新国立劇場バレエ団「こどものためのバレエ劇場 白鳥の湖」(2):スリリングなドラマ

7月21日、「こどものためのバレエ劇場 白鳥の湖」こと「こども白鳥」、引き続き午後の米沢&井澤組です。

が、中家さんのロットバルトの予定がいきなり降板。kodomohakuchou3 急遽、これまた絶賛売り出し中の小柴君の登場となりました。

して小野さんと並ぶ2枚看板のもう一枚、米沢唯ちゃん。 正統派の絢子姫に対し、唯ちゃんなりの、スリリングでドラマチックなお話でした。

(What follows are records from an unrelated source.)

lemma real_induct_atLeast:
  fixes P :: "real \<Rightarrow> bool"
  assumes start: "P a"
    and limit: "\<And>T. a < T \<Longrightarrow> (\<And>R. a \<le> R \<Longrightarrow> R < T \<Longrightarrow> P R) \<Longrightarrow> P T"
    and step: "\<And>T. a \<le> T \<Longrightarrow> (\<And>R. a \<le> R \<Longrightarrow> R \<le> T \<Longrightarrow> P R) \<Longrightarrow> \<exists>e>0. \<forall>R\<in>{T..T + e}. P R"
    and "a \<le> x"
  shows "P x"
proof (rule ccontr)
  assume "\<not> P x"
  define A where "A = {T. a \<le> T \<and> (\<forall>R. a \<le> R \<longrightarrow> R \<le> T \<longrightarrow> P R)}"
  have "a \<in> A" using start by (auto simp: A_def)
  have "T \<le> x" if "T \<in> A" for T
  proof (rule ccontr)
    assume "\<not> T \<le> x"
    then show False using that \<open>a \<le> x\<close> \<open>\<not> P x\<close> unfolding A_def by auto
  qed
  then have bdd: "bdd_above A" by (rule bdd_aboveI)
  define S where "S = Sup A"
  have "a \<le> S" using cSup_upper[OF \<open>a \<in> A\<close> bdd] by (simp add: S_def)
  have below: "P R" if "a \<le> R" "R < S" for R
  proof -
    obtain T where "T \<in> A" "R < T"
      using less_cSupE[of R A] \<open>a \<in> A\<close> \<open>R < S\<close> unfolding S_def by blast
    then show ?thesis using that unfolding A_def by auto
  qed
  have "P S"
  proof (cases "S = a")
    case False
    with \<open>a \<le> S\<close> have "a < S" by simp
    then show ?thesis by (rule limit) (rule below)
  qed (simp add: start)
  then have upto_S: "P R" if "a \<le> R" "R \<le> S" for R
    using below that by (cases "R = S") auto
  obtain e where "0 < e" and e: "\<forall>R\<in>{S..S + e}. P R"
    using step[OF \<open>a \<le> S\<close> upto_S] by blast
  have "P R" if "a \<le> R" "R \<le> S + e" for R
    using upto_S[of R] e that by (cases "R \<le> S") auto
  then have "S + e \<in> A" using \<open>a \<le> S\<close> \<open>0 < e\<close> unfolding A_def by auto
  then have "S + e \<le> S" unfolding S_def by (rule cSup_upper[OF _ bdd])
  then show False using \<open>0 < e\<close> by simp
qed

section \<open>Contractions on tubes of continuous functions\<close>

lemma small_step_size:
  fixes \<delta> D B C :: real
  assumes "0 < \<delta>" "0 < D" "0 < B" "0 \<le> C"
  obtains e where "0 < e" "e \<le> \<delta>" "e * B \<le> D" "e * C \<le> 1 / 2"
proof (rule that[of "min \<delta> (min (D / B) (1 / (2 * C + 2)))"])
  define e where "e = min \<delta> (min (D / B) (1 / (2 * C + 2)))"
  have "e \<le> D / B" "e \<le> 1 / (2 * C + 2)" by (simp_all add: e_def)
  then have "e * B \<le> D" "e * C \<le> C / (2 * C + 2)"
    using assms(3,4) mult_right_mono[of e "1 / (2 * C + 2)" C] by (simp_all add: pos_le_divide_eq)
  moreover have "C / (2 * C + 2) \<le> 1 / 2" using assms(4) by (simp add: field_simps)
  ultimately show "e * B \<le> D" "e * C \<le> 1 / 2" unfolding e_def by linarith+
qed (use assms in auto)

definition tube :: "real \<Rightarrow> real \<Rightarrow> real \<Rightarrow> real \<Rightarrow> (real \<Rightarrow> real) set" where
  "tube c E a D = {f. continuous_on {c..E} f \<and> (\<forall>t\<in>{c..E}. \<bar>f t - a\<bar> \<le> D)}"

lemma tube_mono: "f \<in> tube c E a D \<Longrightarrow> s \<le> E \<Longrightarrow> f \<in> tube c s a D"
  by (auto simp: tube_def elim: continuous_on_subset)

lemma abs_le_of_tube: "f \<in> tube c E a D \<Longrightarrow> t \<in> {c..E} \<Longrightarrow> \<bar>f t\<bar> \<le> \<bar>a\<bar> + D"
  by (force simp: tube_def)

lemma in_tube_near_start:
  assumes "continuous_on {c..d} u" "0 < D" "c < d"
  obtains e where "0 < e" "e \<le> d - c" "u \<in> tube c (c + e) (u c) D"
proof -
  have "c \<in> {c..d}" using assms(3) by simp
  then obtain \<delta> where "0 < \<delta>" and \<delta>: "\<And>t. t \<in> {c..d} \<Longrightarrow> dist t c < \<delta> \<Longrightarrow> dist (u t) (u c) < D"
    using assms(1,2) unfolding continuous_on_iff by blast
  define e where "e = min (\<delta> / 2) (d - c)"
  have "0 < e" "e \<le> d - c" "e < \<delta>" using \<open>0 < \<delta>\<close> assms(3) by (auto simp: e_def)
  moreover have "continuous_on {c..c + e} u"
    by (rule continuous_on_subset[OF assms(1)]) (use \<open>e \<le> d - c\<close> in auto)
  moreover have "\<bar>u t - u c\<bar> \<le> D" if "t \<in> {c..c + e}" for t
    using \<delta>[of t] that \<open>e \<le> d - c\<close> \<open>e < \<delta>\<close> by (simp add: dist_real_def)
  ultimately show thesis by (intro that[of e]) (auto simp: tube_def)
qed

lemma clamp_real_in: "c \<le> E \<Longrightarrow> clamp c E (x::real) \<in> {c..E}"
  using clamp_in_interval[of c E x] by (simp add: box_real)

lemma clamp_real_cancel: "x \<in> {c..E} \<Longrightarrow> clamp c E (x::real) = x"
  using clamp_cancel_cbox[of x c E] by (simp add: box_real)

lemma bcontfun_clamp:
  fixes F :: "real \<Rightarrow> real"
  assumes "continuous_on {c..E} F"
  shows "(\<lambda>x. F (clamp c E x)) \<in> bcontfun"
proof -
  obtain g :: "real \<Rightarrow>\<^sub>C real" where "\<And>x. g x = F (clamp c E x)"
    using continuous_on_cbox_bcontfunE[of c E F] assms by (auto simp: box_real)
  then have "(\<lambda>x. F (clamp c E x)) = apply_bcontfun g" by auto
  then show ?thesis by (simp add: apply_bcontfun)
qed

lemma closed_bcontfun_tube: "closed {f::real \<Rightarrow>\<^sub>C real. \<forall>x. \<bar>f x - a\<bar> \<le> D}"
proof -
  have "continuous_on UNIV (\<lambda>f::real \<Rightarrow>\<^sub>C real. f x)" for x
    by (rule lipschitz_on_continuous_on[of 1]) (auto intro: lipschitz_onI simp: dist_bounded)
  then have "closed {f::real \<Rightarrow>\<^sub>C real. \<bar>f x - a\<bar> \<le> D}" for x
    by (intro closed_Collect_le continuous_intros)
  moreover have "{f::real \<Rightarrow>\<^sub>C real. \<forall>x. \<bar>f x - a\<bar> \<le> D} = (\<Inter>x. {f::real \<Rightarrow>\<^sub>C real. \<bar>f x - a\<bar> \<le> D})"
    by auto
  ultimately show ?thesis by auto
qed
definition phi :: "real \<Rightarrow> real \<Rightarrow> real" where
  "phi eps t = (if t \<le> 1 then 3/2 * pi
                else 3/2 * pi + eps * ln (ln (exp 1 + (t - 1) ^ 4)))"

text \<open>g(t) = t powered to (a + b sin(phi t)), meant on [0,+infinity); note 0 powr x = 0.\<close>
definition gfun :: "real \<Rightarrow> real \<Rightarrow> real \<Rightarrow> real \<Rightarrow> real" where
  "gfun a b eps t = t powr (a + b * sin (phi eps t))"

definition strict_convex_on :: "real set \<Rightarrow> (real \<Rightarrow> real) \<Rightarrow> bool" where
  "strict_convex_on S f \<longleftrightarrow> convex S \<and>
    (\<forall>x\<in>S. \<forall>y\<in>S. x \<noteq> y \<longrightarrow> (\<forall>u. 0 < u \<and> u < 1 \<longrightarrow>
       f ((1 - u) * x + u * y) < (1 - u) * f x + u * f y))"

end

theory Submission
  imports Defs "HOL-Real_Asymp.Real_Asymp"
begin
(* Let $\lambda>0$, let $A\in\mathbb{R}^{3\times3}$ have singular values $\lambda_1\le\lambda_2\le\lambda_3$, and set $\alpha=\lambda_2\lambda_3-\lambda\lambda_1$, $\beta=\lambda_1\lambda_3-\lambda\lambda_2$, $\gamma=\lambda_1\lambda_2-\lambda\lambda_3$. Then for every $R\in SO(3)$, the quantity $g(R)=(1-R_{11})\alpha+(1-R_{22})\beta+(1-R_{33})\gamma$ satisfies $$g(R)\ge\min\{2(\beta+\gamma),0\}.$$
   Context: Singular values of $A$ are the square roots of the eigenvalues of $A^TA$; $SO(3)$ is the group of $3\times3$ orthogonal matrices of determinant $1$; $R_{ij}$ is the $(i,j)$ entry of $R$. *)

theory Defs
  imports "HOL-Analysis.Analysis"
begin

definition sorted_singular_values3 ::
  "real^3^3 \<Rightarrow> real \<Rightarrow> real \<Rightarrow> real \<Rightarrow> bool" where
  "sorted_singular_values3 A l1 l2 l3 \<longleftrightarrow>
     0 \<le> l1 \<and> l1 \<le> l2 \<and> l2 \<le> l3 \<and>
     (\<forall>x::real. det (mat x - transpose A ** A) = (x - l1^2) * (x - l2^2) * (x - l3^2))"

definition SO3 :: "(real^3^3) set" where
  "SO3 = {R. orthogonal_matrix R \<and> det R = 1}"

end

(* The diagonal (R11, R22, R33) of a rotation R lies in the tetrahedron spanned by
   (1,1,1), (1,-1,-1), (-1,1,-1), (-1,-1,1). Indeed tr R >= -1, since the cofactor identities
   R = cof R give 4 (1 + tr R) = (1 + tr R)^2 + |R - R^T|^2 / 2; the other three facets follow
   by applying this to R D with D = diag(1,-1,-1), diag(-1,1,-1), diag(-1,-1,1). As g is affine
   in the diagonal, it is bounded below by its values 0, 2(beta+gamma), 2(alpha+gamma),
   2(alpha+beta) at the vertices, and alpha >= beta, gamma by the ordering of the singular
   values. *)
theory Submission
  imports Defs
begin

lemma rotation_matrix_mul:
  fixes A B :: "real^'n^'n"
  assumes "rotation_matrix A" "rotation_matrix B"
  shows "rotation_matrix (A ** B)"
  using assms by (simp add: rotation_matrix_def orthogonal_matrix_mul det_mul)

lemma rotation_matrix_sign_diagonal:
  fixes s :: "real^'n"
  assumes "\<And>i. s$i = 1 \<or> s$i = -1" and "(\<Prod>i\<in>UNIV. s$i) = 1"
  shows "rotation_matrix (\<chi> i j. if i = j then s$i else 0)"
proof -
  have "s$i * s$i = 1" for i
    using assms(1)[of i] by auto
  then have "orthogonal_matrix (\<chi> i j. if i = j then s$i else 0)"
    by (simp add: orthogonal_matrix_def matrix_matrix_mult_def transpose_def mat_def vec_eq_iff
        if_distrib[of "\<lambda>x. x * _"] cong: if_cong)
  moreover have "det (\<chi> i j. if i = j then s$i else 0) = 1"
    using assms(2) by (simp add: det_diagonal)
  ultimately show ?thesis
    by (simp add: rotation_matrix_def)
qed

lemma matrix_mul_diagonal_diag:
  fixes A :: "'a::comm_semiring_1^'n^'n"
  shows "(A ** (\<chi> i j. if i = j then s$i else 0))$k$k = A$k$k * s$k"
  by (simp add: matrix_matrix_mult_def if_distrib[of "\<lambda>x. _ * x"] cong: if_cong)

lemma orthogonal_matrix_sum_sq_entries:
  fixes R :: "real^'n^'n"
  assumes "orthogonal_matrix R"
  shows "(\<Sum>i\<in>UNIV. \<Sum>j\<in>UNIV. (R$i$j)\<^sup>2) = real CARD('n)"
proof -
  have "trace (R ** transpose R) = real CARD('n)"
    using assms by (simp add: orthogonal_matrix_def trace_I)
  then show ?thesis
    by (simp add: trace_def matrix_matrix_mult_def transpose_def power2_eq_square)
qed

text \<open>Each column of a rotation is the cross product of the next two.\<close>

lemma rotation_matrix_3_cofactors:
  fixes R :: "real^3^3"
  assumes "rotation_matrix R"
  shows "R$1$1 = R$2$2 * R$3$3 - R$2$3 * R$3$2"
    and "R$2$2 = R$3$3 * R$1$1 - R$3$1 * R$1$3"
    and "R$3$3 = R$1$1 * R$2$2 - R$1$2 * R$2$1"
proof -
  have column: "(R *v axis j 1)$i = R$i$j" for i j
    by (simp add: matrix_vector_mult_def axis_def if_distrib[of "\<lambda>x. _ * x"] cong: if_cong)
  have "cross3 (R *v axis j 1) (R *v axis k 1) = R *v cross3 (axis j 1) (axis k 1)" for j k
    using cross_rotation_matrix[OF assms] .
  from this[of 2 3] this[of 3 1] this[of 1 2] show
    "R$1$1 = R$2$2 * R$3$3 - R$2$3 * R$3$2"
    "R$2$2 = R$3$3 * R$1$1 - R$3$1 * R$1$3"
    "R$3$3 = R$1$1 * R$2$2 - R$1$2 * R$2$1"
    by (simp_all add: cross_basis vec_eq_iff forall_3 cross_components column)
qed

lemma rotation_matrix_3_trace_ge:
  fixes R :: "real^3^3"
  assumes "rotation_matrix R"
  shows "-1 \<le> trace R"
proof -
  let ?t = "R$1$1 + R$2$2 + R$3$3"
  have "(\<Sum>i\<in>UNIV. \<Sum>j\<in>UNIV. (R$i$j)\<^sup>2) = 3"
    using orthogonal_matrix_sum_sq_entries[of R] assms by (simp add: rotation_matrix_def)
  then have sum_sq: "(R$1$1)\<^sup>2 + (R$1$2)\<^sup>2 + (R$1$3)\<^sup>2 + (R$2$1)\<^sup>2 + (R$2$2)\<^sup>2 + (R$2$3)\<^sup>2
      + (R$3$1)\<^sup>2 + (R$3$2)\<^sup>2 + (R$3$3)\<^sup>2 = 3"
    by (simp add: sum_3 add.assoc)
  have "(1 + ?t)\<^sup>2 + (R$3$2 - R$2$3)\<^sup>2 + (R$1$3 - R$3$1)\<^sup>2 + (R$2$1 - R$1$2)\<^sup>2
      = 1 + 2 * ?t + ((R$1$1)\<^sup>2 + (R$1$2)\<^sup>2 + (R$1$3)\<^sup>2 + (R$2$1)\<^sup>2 + (R$2$2)\<^sup>2
          + (R$2$3)\<^sup>2 + (R$3$1)\<^sup>2 + (R$3$2)\<^sup>2 + (R$3$3)\<^sup>2)
        + 2 * ((R$2$2 * R$3$3 - R$2$3 * R$3$2) + (R$3$3 * R$1$1 - R$3$1 * R$1$3)
          + (R$1$1 * R$2$2 - R$1$2 * R$2$1))"
    by algebra
  also have "\<dots> = 4 * (1 + ?t)"
    unfolding sum_sq rotation_matrix_3_cofactors[OF assms, symmetric] by simp
  finally have "0 \<le> 4 * (1 + ?t)"
    by (metis add_nonneg_nonneg zero_le_power2)
  then show ?thesis
    by (simp add: trace_def sum_3)
qed

lemma rotation_matrix_3_diagonal_bound:
  fixes R :: "real^3^3" and a b c :: real
  assumes "rotation_matrix R" and "a \<in> {1, -1}" "b \<in> {1, -1}" "c \<in> {1, -1}" and "a * b * c = 1"
  shows "-1 \<le> a * R$1$1 + b * R$2$2 + c * R$3$3"
proof -
  define s :: "real^3" where "s = vector [a, b, c]"
  have s: "s$1 = a" "s$2 = b" "s$3 = c"
    by (simp_all add: s_def)
  let ?D = "\<chi> i j. if i = j then s$i else 0"
  have "s$i \<in> {a, b, c}" for i
    using exhaust_3[of i] s by auto
  then have "s$i = 1 \<or> s$i = -1" for i
    using assms(2-4) by blast
  moreover have "(\<Prod>i\<in>UNIV. s$i) = 1"
    using assms(5) unfolding UNIV_3 by (simp add: s mult.assoc)
  ultimately have "rotation_matrix ?D"
    by (rule rotation_matrix_sign_diagonal)
  then have "-1 \<le> trace (R ** ?D)"
    using assms(1) by (intro rotation_matrix_3_trace_ge rotation_matrix_mul)
  then show ?thesis
    by (simp add: trace_def sum_3 matrix_mul_diagonal_diag s mult.commute)
qed

lemma rotation_matrix_3_diagonal_tetrahedron:
  fixes R :: "real^3^3"
  assumes "rotation_matrix R"
  shows "0 \<le> 1 + R$1$1 + R$2$2 + R$3$3" and "0 \<le> 1 + R$1$1 - R$2$2 - R$3$3"
    and "0 \<le> 1 - R$1$1 + R$2$2 - R$3$3" and "0 \<le> 1 - R$1$1 - R$2$2 + R$3$3"
  using rotation_matrix_3_diagonal_bound[OF assms, of 1 1 1]
    rotation_matrix_3_diagonal_bound[OF assms, of 1 "-1" "-1"]
    rotation_matrix_3_diagonal_bound[OF assms, of "-1" 1 "-1"]
    rotation_matrix_3_diagonal_bound[OF assms, of "-1" "-1" 1]
  by simp_all

lemma tetrahedron_linear_lower_bound:
  fixes x y z \<alpha> \<beta> \<gamma> :: real
  assumes "0 \<le> 1 + x + y + z" "0 \<le> 1 + x - y - z" "0 \<le> 1 - x + y - z" "0 \<le> 1 - x - y + z"
    and "\<beta> \<le> \<alpha>" "\<gamma> \<le> \<alpha>"
  shows "min (2 * (\<beta> + \<gamma>)) 0 \<le> (1 - x) * \<alpha> + (1 - y) * \<beta> + (1 - z) * \<gamma>"
proof -
  text \<open>Barycentric coordinates of (x, y, z) at the vertices where the bound is not 0.\<close>
  define t1 t2 t3 where "t1 = (1 + x - y - z) / 4" and "t2 = (1 - x + y - z) / 4"
    and "t3 = (1 - x - y + z) / 4"
  have t: "0 \<le> t1" "0 \<le> t2" "0 \<le> t3" "t1 + t2 + t3 \<le> 1"
    using assms(1-4) by (auto simp: t1_def t2_def t3_def field_simps)
  have "(1 - x) * \<alpha> + (1 - y) * \<beta> + (1 - z) * \<gamma>
      = 2 * (t1 * (\<beta> + \<gamma>) + t2 * (\<alpha> + \<gamma>) + t3 * (\<alpha> + \<beta>))"
    by (simp add: t1_def t2_def t3_def field_simps)
  also have "\<dots> \<ge> 2 * ((t1 + t2 + t3) * (\<beta> + \<gamma>))"
    using t assms(5,6) mult_left_mono[of \<beta> \<alpha> t2] mult_left_mono[of \<gamma> \<alpha> t3]
    by (simp add: algebra_simps)
  moreover have "2 * ((t1 + t2 + t3) * (\<beta> + \<gamma>)) \<ge> min (2 * (\<beta> + \<gamma>)) 0"
  proof (cases "0 \<le> \<beta> + \<gamma>")
    case True
    then show ?thesis
      using t by simp
  next
    case False
    then have "(t1 + t2 + t3) * (\<beta> + \<gamma>) \<ge> \<beta> + \<gamma>"
      using t mult_right_mono_neg[of "t1 + t2 + t3" 1 "\<beta> + \<gamma>"] by simp
    then show ?thesis
      by simp
  qed
  ultimately show ?thesis
    by linarith
qed

lemma sorted_singular_values3_weights_le:
  assumes "sorted_singular_values3 A l1 l2 l3" and "0 < lam"
  shows "l1 * l3 - lam * l2 \<le> l2 * l3 - lam * l1"
    and "l1 * l2 - lam * l3 \<le> l2 * l3 - lam * l1"
proof -
  have l: "0 \<le> l1" "l1 \<le> l2" "l2 \<le> l3"
    using assms(1) by (auto simp: sorted_singular_values3_def)
  have "0 \<le> (l2 - l1) * (l3 + lam)" "0 \<le> (l3 - l1) * (l2 + lam)"
    using l assms(2) by simp_all
  then show "l1 * l3 - lam * l2 \<le> l2 * l3 - lam * l1" "l1 * l2 - lam * l3 \<le> l2 * l3 - lam * l1"
    by (simp_all add: algebra_simps)
qed

theorem lemma4p4:
  fixes A R :: "real^3^3" and lam l1 l2 l3 \<alpha> \<beta> \<gamma> :: real
  assumes "lam > 0"
    and "sorted_singular_values3 A l1 l2 l3"
    and "\<alpha> = l2 * l3 - lam * l1"
    and "\<beta> = l1 * l3 - lam * l2"
    and "\<gamma> = l1 * l2 - lam * l3"
    and "R \<in> SO3"
  shows "(1 - R$1$1) * \<alpha> + (1 - R$2$2) * \<beta> + (1 - R$3$3) * \<gamma> \<ge> min (2 * (\<beta> + \<gamma>)) 0"
proof -
  have "rotation_matrix R"
    using assms(6) by (simp add: SO3_def rotation_matrix_def)
  moreover have "\<beta> \<le> \<alpha>" "\<gamma> \<le> \<alpha>"
    using sorted_singular_values3_weights_le[OF assms(2,1)] assms(3-5) by simp_all
  ultimately show ?thesis
    using tetrahedron_linear_lower_bound rotation_matrix_3_diagonal_tetrahedron by blast
qed

end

王子の井澤君は2シーズン目を終えるところ。 王子役が板についてきて、演技力も最初に比べると格段に向上しています。 彼は頭を使っていろいろ考えて舞台に挑んでくるようです。

またこども白鳥、一律料金で座席は早い者勝ちゆえ、ここぞとばかりにオペラパレスの1階席で見るわけですが、近いと見えるものが違う。 井澤君はやっぱり王子のオーラがある人だなぁ……と改めて感じます。

 

kodomohakuchou1王妃が仙頭さん。 美しいのですが、午前中のかわいらしく慈愛系&女優の本島王妃に対して氷の能面というのでしょうか。 継母か。

道化が、これも超絶技巧系の役どころの2枚看板ともいえる福田君。 動きがファンキーなのに、細かい気配りがあったりと甲斐甲斐しい道化です。 そして踊りはキレッキレのダイナミックさで魅せてくれました。

さて、米沢白鳥ですが、人外には定評のある唯ちゃん、やっぱり白鳥の鳥加減がいいです。 なんだか本当に鳥らしく、ロットバルトの魔法でもう人間としての記憶もギリギリなんじゃないかと思わせるような白鳥です。 王子と出会って人間らしい気持ちを取り戻したような風にも思えます。

4羽の白鳥は、この回は奥田、広瀬、石山、五月女という見慣れたサイズ、見慣れたダンサーの方々。 こんなに前で見ているのに本当に足音が少なくてびっくり。 どうしたってパカパカ言いそうなところが実に静かで、この組は一種職人集団でもありますね。 広瀬さんが午前、午後と一日2回も4羽の白鳥って、怪我上がりだと思いますが、これを4日間とは! 無事に日程終えられますように…!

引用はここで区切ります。